L’Acting class, in via dei villani, zona Tasso. Una palestra per gli attori. Non insegno recitazione, perché la recitazione non si insegna, si estrae. Quello che desideravo era che ci fosse un luogo dove esercitarsi e dove poter trasmettere la mia esperienza a questi ragazzi. Questo è fondamentale: il passaggio del testimone. Qui è nato anche il mio primo cortometraggio come regista, Madonne, girato clandestinamente dentro la tramvia di Firenze, un bacio saffico tra due splendide fanciulle. Sto già scrivendo il secondo.

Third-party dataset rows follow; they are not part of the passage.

(* The MPB rule $M$ satisfies maximal coverage: for every PB instance $I$, every $S\in M(I)$, every $p\in S$ such that $\{j\in N: p\in A_j\}\subseteq\{j\in N:(S\setminus\{p\})\cap A_j\ne\emptyset\}$, and every voter $i\in N$, if $W_M(I)\cap A_i=\emptyset$ then $c(a)>b-c(S\setminus\{p\})$ for all $a\in A_i$.
   Context: A PB instance is $I=\langle N,P,c,b,\mathcal{A}\rangle$ with voters $N=\{1,\dots,n\}$, projects $P$, costs $c:P\to\mathbb{N}$, budget $b\in\mathbb{N}$, and approval sets $A_i\subseteq P$. $c(S)=\sum_{p\in S}c(p)$; $S$ is feasible if $c(S)\le b$; $u_i(S)=c(S\cap A_i)$. The MPB rule $M$ outputs $M(I)$, the set of all feasible $S$ maximizing $\min_{i\in N}u_i(S)$ among feasible sets. $W_M(I)=\{p\in P:\exists S\in M(I),\ p\in S\}$. *)

theory Defs
  imports Main
begin

definition pb_instance :: "nat \<Rightarrow> 'p set \<Rightarrow> ('p \<Rightarrow> nat) \<Rightarrow> nat \<Rightarrow> (nat \<Rightarrow> 'p set) \<Rightarrow> bool" where
  "pb_instance n P c b A \<longleftrightarrow> finite P \<and> (\<forall>i\<in>{1..n}. A i \<subseteq> P)"

definition cost :: "('p \<Rightarrow> nat) \<Rightarrow> 'p set \<Rightarrow> nat" where
  "cost c S = (\<Sum>p\<in>S. c p)"

definition feasible :: "'p set \<Rightarrow> ('p \<Rightarrow> nat) \<Rightarrow> nat \<Rightarrow> 'p set \<Rightarrow> bool" where
  "feasible P c b S \<longleftrightarrow> S \<subseteq> P \<and> cost c S \<le> b"

definition util :: "('p \<Rightarrow> nat) \<Rightarrow> (nat \<Rightarrow> 'p set) \<Rightarrow> nat \<Rightarrow> 'p set \<Rightarrow> nat" where
  "util c A i S = cost c (S \<inter> A i)"

definition min_util :: "nat \<Rightarrow> ('p \<Rightarrow> nat) \<Rightarrow> (nat \<Rightarrow> 'p set) \<Rightarrow> 'p set \<Rightarrow> nat" where
  "min_util n c A S = Min ((\<lambda>i. util c A i S) ` {1..n})"

definition MPB :: "nat \<Rightarrow> 'p set \<Rightarrow> ('p \<Rightarrow> nat) \<Rightarrow> nat \<Rightarrow> (nat \<Rightarrow> 'p set) \<Rightarrow> 'p set set" where
  "MPB n P c b A = {S. feasible P c b S \<and>
     (\<forall>T. feasible P c b T \<longrightarrow> min_util n c A T \<le> min_util n c A S)}"

definition W_MPB :: "nat \<Rightarrow> 'p set \<Rightarrow> ('p \<Rightarrow> nat) \<Rightarrow> nat \<Rightarrow> (nat \<Rightarrow> 'p set) \<Rightarrow> 'p set" where
  "W_MPB n P c b A = {p \<in> P. \<exists>S\<in>MPB n P c b A. p \<in> S}"

end

theory Submission
  imports Defs
begin

text \<open>If no winning project is approved by voter i, then every winning set gives i
  utility 0, so the optimal egalitarian welfare is 0 and every feasible set is optimal.
  In particular every affordable project wins, hence every project approved by i costs
  more than the whole budget b, which is stronger than the claimed bound.\<close>

lemma MPB_subset_W_MPB:
  assumes "S \<in> MPB n P c b A"
  shows "S \<subseteq> W_MPB n P c b A"
  using assms unfolding MPB_def feasible_def W_MPB_def by blast

lemma min_util_eq_0_if_util_eq_0:
  assumes "i \<in> {1..n}" and "util c A i S = 0"
  shows "min_util n c A S = 0"
proof -
  have "min_util n c A S \<le> util c A i S"
    unfolding min_util_def using assms(1) by (intro Min_le) auto
  with assms(2) show ?thesis by simp
qed

lemma feasible_in_MPB_if_min_util_eq_0:
  assumes "S \<in> MPB n P c b A" and "min_util n c A S = 0" and "feasible P c b T"
  shows "T \<in> MPB n P c b A"
  using assms unfolding MPB_def by auto

lemma budget_less_cost_if_no_winner_approved:
  assumes "S \<in> MPB n P c b A" and "i \<in> {1..n}" and "A i \<subseteq> P"
    and "W_MPB n P c b A \<inter> A i = {}" and "a \<in> A i"
  shows "b < c a"
proof (rule ccontr)
  assume "\<not> b < c a"
  then have "feasible P c b {a}"
    using assms(3,5) unfolding feasible_def cost_def by auto
  moreover have "S \<inter> A i = {}"
    using MPB_subset_W_MPB[OF assms(1)] assms(4) by blast
  then have "util c A i S = 0"
    unfolding util_def cost_def by simp
  then have "min_util n c A S = 0"
    using assms(2) by (rule min_util_eq_0_if_util_eq_0[rotated])
  ultimately have "{a} \<in> MPB n P c b A"
    by (intro feasible_in_MPB_if_min_util_eq_0[OF assms(1)])
  then have "a \<in> W_MPB n P c b A"
    using MPB_subset_W_MPB by blast
  with assms(4,5) show False by blast
qed

theorem proposition4:
  fixes n :: nat and P :: "'p set" and c :: "'p \<Rightarrow> nat" and b :: nat
    and A :: "nat \<Rightarrow> 'p set" and S :: "'p set" and p :: 'p and i :: nat
  assumes "pb_instance n P c b A"
    and "S \<in> MPB n P c b A"
    and "p \<in> S"
    and "{j \<in> {1..n}. p \<in> A j} \<subseteq> {j \<in> {1..n}. (S - {p}) \<inter> A j \<noteq> {}}"
    and "i \<in> {1..n}"
    and "W_MPB n P c b A \<inter> A i = {}"
  shows "\<forall>a\<in>A i. int (c a) > int b - int (cost c (S - {p}))"
proof
  fix a assume "a \<in> A i"
  have "A i \<subseteq> P"
    using assms(1,5) unfolding pb_instance_def by blast
  then have "b < c a"
    by (rule budget_less_cost_if_no_winner_approved[OF assms(2,5) _ assms(6) \<open>a \<in> A i\<close>])
  then show "int (c a) > int b - int (cost c (S - {p}))" by simp
qed

end
lemma compatible_qmap_nth:
  assumes h: "is_ring_hom D C \<phi>" and "finite D" and D: "D \<subseteq> hcube n" and C: "C \<subseteq> hcube n"
    and comp: "compatible n D \<phi> \<tau>" and i: "i < n" and \<tau>: "\<tau> (xvar n i) = xvar n j"
    and c: "c \<in> C"
  shows "qmap D \<phi> c ! i = c ! j"
proof -
  have q: "qmap D \<phi> c \<in> hcube n" and lc: "c \<in> hcube n"
    using qmap_in_and_rho_qmap[OF h \<open>finite D\<close> c] D C c by auto
  have "act (xvar n i) (one_on D) (qmap D \<phi> c) = \<phi> (act (xvar n i) (one_on D)) c"
    using ring_hom_eq_pullback[OF h \<open>finite D\<close> c] by simp
  also have "\<dots> = act (xvar n j) (one_on C) c"
    using comp ring_hom_one_on[OF h] \<tau> by (simp add: compatible_def)
  finally show ?thesis
    using q lc c qmap_in_and_rho_qmap[OF h \<open>finite D\<close> c]
    by (simp add: act_def xvar_def one_on_def hcube_def split: if_splits)
qed

definition relabel :: "nat \<Rightarrow> (nat \<Rightarrow> nat) \<Rightarrow> bool list \<Rightarrow> bool list" where
  "relabel n \<sigma> c = map (\<lambda>i. c ! \<sigma> i) [0..<n]"

definition relabel_pullback ::
    "nat \<Rightarrow> (nat \<Rightarrow> nat) \<Rightarrow> (bool list \<Rightarrow> bit) \<Rightarrow> bool list \<Rightarrow> bit" where
  "relabel_pullback n \<sigma> r = (\<lambda>c. if length c = n then r (relabel n \<sigma> c) else 0)"

lemma relabel_relabel_inv:
  assumes "\<sigma> permutes {..<n}" and "length c = n"
  shows "relabel n \<sigma> (relabel n (inv \<sigma>) c) = c"
proof -
  have "\<And>i. i < n \<Longrightarrow> \<sigma> i < n \<and> inv \<sigma> (\<sigma> i) = i"
    using assms(1) permutes_in_image permutes_inverses(2) by fastforce
  then show ?thesis using assms(2) by (auto simp: relabel_def intro!: nth_equalityI)
qed

lemma relabel_pullback_in_RC [simp]: "relabel_pullback n \<sigma> r \<in> RC (hcube n)"
  by (simp add: relabel_pullback_def RC_def hcube_def)

lemma relabel_pullback_inv:
  assumes "\<sigma> permutes {..<n}" and "r \<in> RC (hcube n)"
  shows "relabel_pullback n (inv \<sigma>) (relabel_pullback n \<sigma> r) = r"
  using assms relabel_relabel_inv[OF assms(1)]
  by (auto simp: relabel_pullback_def relabel_def RC_def hcube_def fun_eq_iff)

lemma relabel_pullback_ring_iso:
  assumes "\<sigma> permutes {..<n}"
  shows "is_ring_iso (hcube n) (hcube n) (relabel_pullback n \<sigma>)"
proof -
  have "is_ring_hom (hcube n) (hcube n) (relabel_pullback n \<sigma>)"
    unfolding is_ring_hom_def
    by (intro conjI ballI ext relabel_pullback_in_RC)
      (simp_all add: relabel_pullback_def one_on_def hcube_def relabel_def)
  moreover have "bij_betw (relabel_pullback n \<sigma>) (RC (hcube n)) (RC (hcube n))"
    using relabel_pullback_inv[OF assms] relabel_pullback_inv[OF permutes_inv[OF assms]]
      inv_inv_eq[OF permutes_bij[OF assms]]
    by (intro bij_betw_byWitness[where f' = "relabel_pullback n (inv \<sigma>)"]) auto
  ultimately show ?thesis by (simp add: is_ring_iso_def)
qed
(* For every integer $n\ge 2$, every independent set of the hypergraph $\mathtt{H}^{n}_{1}(\{0,1,2\})$ has size at most $\frac{2}{3}\cdot 3^n$.
   Context: $\mathtt{H}^{n}_{1}(\{0,1,2\})$ is the $3$-uniform hypergraph with vertex set $\{0,1,2\}^n$ in which three distinct vertices $\mathbf{x}^1,\mathbf{x}^2,\mathbf{x}^3$ form a hyperedge iff $\sum_{i=1}^n \big|\{0,1,2\}\setminus\{\mathbf{x}^1_i,\mathbf{x}^2_i,\mathbf{x}^3_i\}\big| \le 1$. An independent set is a set of vertices containing no hyperedge. *)

theory Defs
  imports Complex_Main
begin

text \<open>Vertices of H^n_1({0,1,2}): words in {0,1,2}^n, represented as functions
  nat => nat with values in {0,1,2} on {0..<n} and value 0 outside.\<close>
definition cube3 :: "nat \<Rightarrow> (nat \<Rightarrow> nat) set" where
  "cube3 n = {x. (\<forall>i<n. x i \<in> {0,1,2}) \<and> (\<forall>i\<ge>n. x i = 0)}"

definition hedge3 :: "nat \<Rightarrow> (nat \<Rightarrow> nat) \<Rightarrow> (nat \<Rightarrow> nat) \<Rightarrow> (nat \<Rightarrow> nat) \<Rightarrow> bool" where
  "hedge3 n x y z \<longleftrightarrow> x \<in> cube3 n \<and> y \<in> cube3 n \<and> z \<in> cube3 n \<and>
     x \<noteq> y \<and> y \<noteq> z \<and> x \<noteq> z \<and>
     (\<Sum>i<n. card ({0,1,2::nat} - {x i, y i, z i})) \<le> 1"

definition indep3 :: "nat \<Rightarrow> (nat \<Rightarrow> nat) set \<Rightarrow> bool" where
  "indep3 n A \<longleftrightarrow> A \<subseteq> cube3 n \<and>
     (\<forall>x\<in>A. \<forall>y\<in>A. \<forall>z\<in>A. \<not> hedge3 n x y z)"

end

theory Submission
  imports Defs "HOL-Library.FuncSet"
begin

text \<open>Adding 1 modulo 3 in every coordinate permutes the cube, and each orbit
  \<open>{x, x + 1, x + 2}\<close> is a hyperedge, since every coordinate of it uses all three
  symbols. Averaging the indicator of an independent set over the three translates of
  each vertex shows that the set contains at most two thirds of the cube.\<close>

lemma card_le_two_thirds_if_no_orbit_triple:
  fixes s :: "'a \<Rightarrow> 'a"
  assumes "finite C" "bij_betw s C C" "A \<subseteq> C"
    and no_triple: "\<And>x. x \<in> C \<Longrightarrow> \<not> (x \<in> A \<and> s x \<in> A \<and> s (s x) \<in> A)"
  shows "3 * card A \<le> 2 * card C"
proof -
  define \<chi> where "\<chi> x = (if x \<in> A then 1 else 0 :: nat)" for x
  have card_A: "(\<Sum>x\<in>C. \<chi> x) = card A"
    using assms(1,3) by (simp add: \<chi>_def sum.If_cases Int_absorb1)
  have shift_invariant: "(\<Sum>x\<in>C. g (s x)) = (\<Sum>x\<in>C. g x)" for g :: "'a \<Rightarrow> nat"
    using sum.reindex_bij_betw[OF assms(2)] .
  have "3 * card A = (\<Sum>x\<in>C. \<chi> x + \<chi> (s x) + \<chi> (s (s x)))"
    using card_A shift_invariant[of \<chi>] shift_invariant[of "\<lambda>x. \<chi> (s x)"]
    by (simp add: sum.distrib)
  also have "\<dots> \<le> (\<Sum>x\<in>C. 2)"
    using no_triple by (intro sum_mono) (auto simp: \<chi>_def)
  finally show ?thesis by simp
qed

lemma card_cube3: "card (cube3 n) = 3 ^ n"
proof -
  have "bij_betw (\<lambda>f i. if i < n then f i else 0) (PiE {..<n} (\<lambda>_. {0,1,2::nat})) (cube3 n)"
    by (rule bij_betw_byWitness[where f' = "\<lambda>x. restrict x {..<n}"])
      (auto simp: cube3_def PiE_def Pi_def extensional_def fun_eq_iff)
  then have "card (cube3 n) = card (PiE {..<n} (\<lambda>_. {0,1,2::nat}))"
    by (simp add: bij_betw_same_card)
  also have "\<dots> = 3 ^ n"
    by (simp add: card_PiE numeral_3_eq_3)
  finally show ?thesis .
qed

definition shift3 :: "nat \<Rightarrow> (nat \<Rightarrow> nat) \<Rightarrow> nat \<Rightarrow> nat" where
  "shift3 n x = (\<lambda>i. if i < n then Suc (x i) mod 3 else 0)"

lemma shift3_in_cube3: "x \<in> cube3 n \<Longrightarrow> shift3 n x \<in> cube3 n"
  unfolding cube3_def shift3_def by auto

lemma shift3_shift3_shift3: "x \<in> cube3 n \<Longrightarrow> shift3 n (shift3 n (shift3 n x)) = x"
  unfolding cube3_def shift3_def by (auto simp: fun_eq_iff)

lemma bij_betw_shift3: "bij_betw (shift3 n) (cube3 n) (cube3 n)"
  by (rule bij_betw_byWitness[where f' = "\<lambda>x. shift3 n (shift3 n x)"])
    (auto simp: shift3_in_cube3 shift3_shift3_shift3 image_subset_iff)

lemma hedge3_shift3_orbit:
  assumes "x \<in> cube3 n" "n \<ge> 1"
  shows "hedge3 n x (shift3 n x) (shift3 n (shift3 n x))"
proof -
  let ?y = "shift3 n x" and ?z = "shift3 n (shift3 n x)"
  have coords: "x i \<in> {0,1,2}" "?y i = Suc (x i) mod 3" "?z i = Suc (Suc (x i) mod 3) mod 3"
    if "i < n" for i
    using assms(1) that by (auto simp: cube3_def shift3_def)
  have all_symbols: "{x i, ?y i, ?z i} = {0,1,2}" if "i < n" for i
    using coords[OF that] by auto
  have "x 0 \<noteq> ?y 0" "?y 0 \<noteq> ?z 0" "x 0 \<noteq> ?z 0"
    using coords[of 0] assms(2) by auto
  then have "x \<noteq> ?y" "?y \<noteq> ?z" "x \<noteq> ?z"
    by auto
  then show ?thesis
    using assms(1) all_symbols by (simp add: hedge3_def shift3_in_cube3)
qed

theorem fact3p3:
  fixes n :: nat and A :: "(nat \<Rightarrow> nat) set"
  assumes "n \<ge> 2" and "indep3 n A"
  shows "real (card A) \<le> 2 / 3 * 3 ^ n"
proof -
  have "finite (cube3 n)"
    using card_cube3[of n] by (intro card_ge_0_finite) simp
  moreover have "A \<subseteq> cube3 n"
    using assms(2) by (simp add: indep3_def)
  moreover have "\<not> (x \<in> A \<and> shift3 n x \<in> A \<and> shift3 n (shift3 n x) \<in> A)" if "x \<in> cube3 n" for x
    using hedge3_shift3_orbit[OF that] assms unfolding indep3_def by auto
  ultimately have "3 * card A \<le> 2 * card (cube3 n)"
    by (rule card_le_two_thirds_if_no_orbit_triple[OF _ bij_betw_shift3])
  then have "3 * card A \<le> 2 * 3 ^ n"
    by (simp add: card_cube3)
  then have "real (3 * card A) \<le> real (2 * 3 ^ n)"
    by (simp only: of_nat_le_iff)
  then show ?thesis
    by simp
qed

end
lemma rebase_rebase:
  assumes t: "t \<in> Triples C Xs Ys"
    and \<phi>: "inj_tuple (length Xs) \<phi>" "inj_tuple (length Xs) \<phi>'"
    and \<psi>: "inj_tuple (length Ys) \<psi>" "inj_tuple (length Ys) \<psi>'"
  shows "rebase C Xs Ys \<psi> \<phi> (\<psi>', rebase C Xs Ys \<psi>' \<phi>' t, \<phi>') = rebase C Xs Ys \<psi> \<phi> t"
proof -
  obtain \<psi>0 f \<phi>0 where t_eq: "t = (\<psi>0, f, \<phi>0)"
    by (cases t) blast
  have \<phi>0: "inj_tuple (length Xs) \<phi>0" and \<psi>0: "inj_tuple (length Ys) \<psi>0"
    and f: "f \<in> Hom C (pstar C \<phi>0 Xs) (pstar C \<psi>0 Ys)"
    using t by (simp_all add: t_eq Triples_def)
  define a where "a = pbr C \<psi> \<psi>' Ys"
  define a' where "a' = pbr C \<psi>' \<psi>0 Ys"
  define b where "b = pbr C \<phi>0 \<phi>' Xs"
  define b' where "b' = pbr C \<phi>' \<phi> Xs"
  have a: "a \<in> Hom C (pstar C \<psi>' Ys) (pstar C \<psi> Ys)" and a': "a' \<in> Hom C (pstar C \<psi>0 Ys) (pstar C \<psi>' Ys)"
    and b: "b \<in> Hom C (pstar C \<phi>' Xs) (pstar C \<phi>0 Xs)" and b': "b' \<in> Hom C (pstar C \<phi> Xs) (pstar C \<phi>' Xs)"
    unfolding a_def a'_def b_def b'_def using pbr_in_Hom Xs Ys \<phi> \<psi> \<phi>0 \<psi>0 by blast+
  have "rebase C Xs Ys \<psi> \<phi> (\<psi>', rebase C Xs Ys \<psi>' \<phi>' t, \<phi>') = ccomp C a (ccomp C (ccomp C a' (ccomp C f b)) b')"
    by (simp add: rebase_def t_eq a_def a'_def b_def b'_def)
  also have "\<dots> = ccomp C a (ccomp C a' (ccomp C (ccomp C f b) b'))"
    using comp_assoc[OF b' comp_in_Hom[OF b f] a'] by simp
  also have "\<dots> = ccomp C a (ccomp C a' (ccomp C f (ccomp C b b')))"
    using comp_assoc[OF b' b f] by simp
  also have "\<dots> = ccomp C (ccomp C a a') (ccomp C f (ccomp C b b'))"
    using comp_assoc[OF comp_in_Hom[OF comp_in_Hom[OF b' b] f] a' a] by simp
  also have "\<dots> = rebase C Xs Ys \<psi> \<phi> t"
    unfolding a_def a'_def b_def b'_def rebase_def t_eq
    using pbr_trans[OF Ys \<psi>0 \<psi>(2,1)] pbr_trans[OF Xs \<phi>(1,2) \<phi>0] by simp
  finally show ?thesis .
qed
lemma gs_proj_orthogonal:
  assumes sym: "transpose K = K"
    and nondeg: "\<And>j. j < k \<Longrightarrow> mat_inner K (gs_residual K F j) (gs_residual K F j) \<noteq> 0"
    and "j < k"
  shows "mat_inner K (a - gs_proj K F k a) (F j) = 0"
  using nondeg \<open>j < k\<close>
proof (induction k arbitrary: a j)
  case 0
  then show ?case by simp
next
  case (Suc k)
  let ?f = "gs_residual K F k"
  let ?c = "mat_inner K a ?f / mat_inner K ?f ?f"
  define b where "b = a - gs_proj K F k a - ?c *\<^sub>R ?f"
  have f_orth: "mat_inner K ?f (F i) = 0" if "i < k" for i
    using Suc that by simp
  have b_orth: "mat_inner K b (F i) = 0" if "i < k" for i
    using Suc.IH[of i a] Suc.prems(1) f_orth[OF that] that
    by (simp add: b_def mat_inner_diff_left mat_inner_scaleR_left)
  have "mat_inner K ?f (gs_proj K F k a) = 0"
    using mat_inner_span_eq_0[OF _ gs_proj_in_span] f_orth by blast
  then have "mat_inner K b ?f = 0"
    using Suc.prems(1)[of k] mat_inner_commute[OF sym, of ?f "gs_proj K F k a"]
    by (simp add: b_def mat_inner_diff_left mat_inner_scaleR_left)
  moreover have "mat_inner K b (gs_proj K F k (F k)) = 0"
    using mat_inner_span_eq_0[OF _ gs_proj_in_span] b_orth by blast
  ultimately have "mat_inner K b (F k) = 0"
    using mat_inner_add_right[of K b ?f "gs_proj K F k (F k)"] by simp
  moreover have "a - gs_proj K F (Suc k) a = b"
    by (simp add: b_def)
  ultimately show ?case
    using b_orth Suc.prems(2) less_Suc_eq by auto
qed

lemma differentiable_gs_proj:
  fixes K :: "'a::real_normed_vector \<Rightarrow> real^'n^'n"
  assumes K: "K differentiable (at y)"
    and F: "\<And>j. j < k \<Longrightarrow> F j differentiable (at y)"
    and nondeg: "\<And>j. j < k \<Longrightarrow>
      mat_inner (K y) (gs_residual (K y) (\<lambda>i. F i y) j) (gs_residual (K y) (\<lambda>i. F i y) j) \<noteq> 0"
    and a: "a differentiable (at y)"
  shows "(\<lambda>x. gs_proj (K x) (\<lambda>i. F i x) k (a x)) differentiable (at y)"
  using F nondeg a
proof (induction k arbitrary: a)
  case 0
  then show ?case by simp
next
  case (Suc k)
  have "(\<lambda>x. gs_proj (K x) (\<lambda>i. F i x) k (F k x)) differentiable (at y)"
    using Suc by simp
  then have res: "(\<lambda>x. gs_residual (K x) (\<lambda>i. F i x) k) differentiable (at y)"
    using Suc.prems(1) by simp
  have "(\<lambda>x. gs_proj (K x) (\<lambda>i. F i x) k (a x)) differentiable (at y)"
    using Suc by simp
  with res show ?case
    using Suc.prems(2)[of k]
    by (simp add: differentiable_mat_inner K Suc.prems(3))
qed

Dove la vedremo prossimamente?
In questo momento sono impegnato in Non mi lasciare, con Vittoria Puccini, per la regia di Ciro Visco. Poi sarò nel nuovo film della regista spagnola Paola Ortiz, con Liev Schreiber, Matilda De Angelis e Sabrina Impacciatore, Across The River And Into The Trees. In programma anche un film per Netflix, Robbing Mussolini, di Renato De Maria. Oltre naturalmente al mio Tutto&Nulla, e alle Fiabe, che vogliamo riprendere appena possibile. Mi sto dedicando anche alla scrittura di nuovi progetti teatrali. Mi sono re-innamorato dell’Isola del tesoro di Robert Louis Stevenson e del suo grande personaggio, Long John Silver. Non mi dispiacerebbe portare in scena un pirata, dopo tutto, la crew del teatro tradotta letteralmente è la ciurma e il teatro, con le corde da tirare e il legno in terra, ricorda molto una nave, mentre il mare è l’infinito delle emozioni che cerchiamo di portare in scena.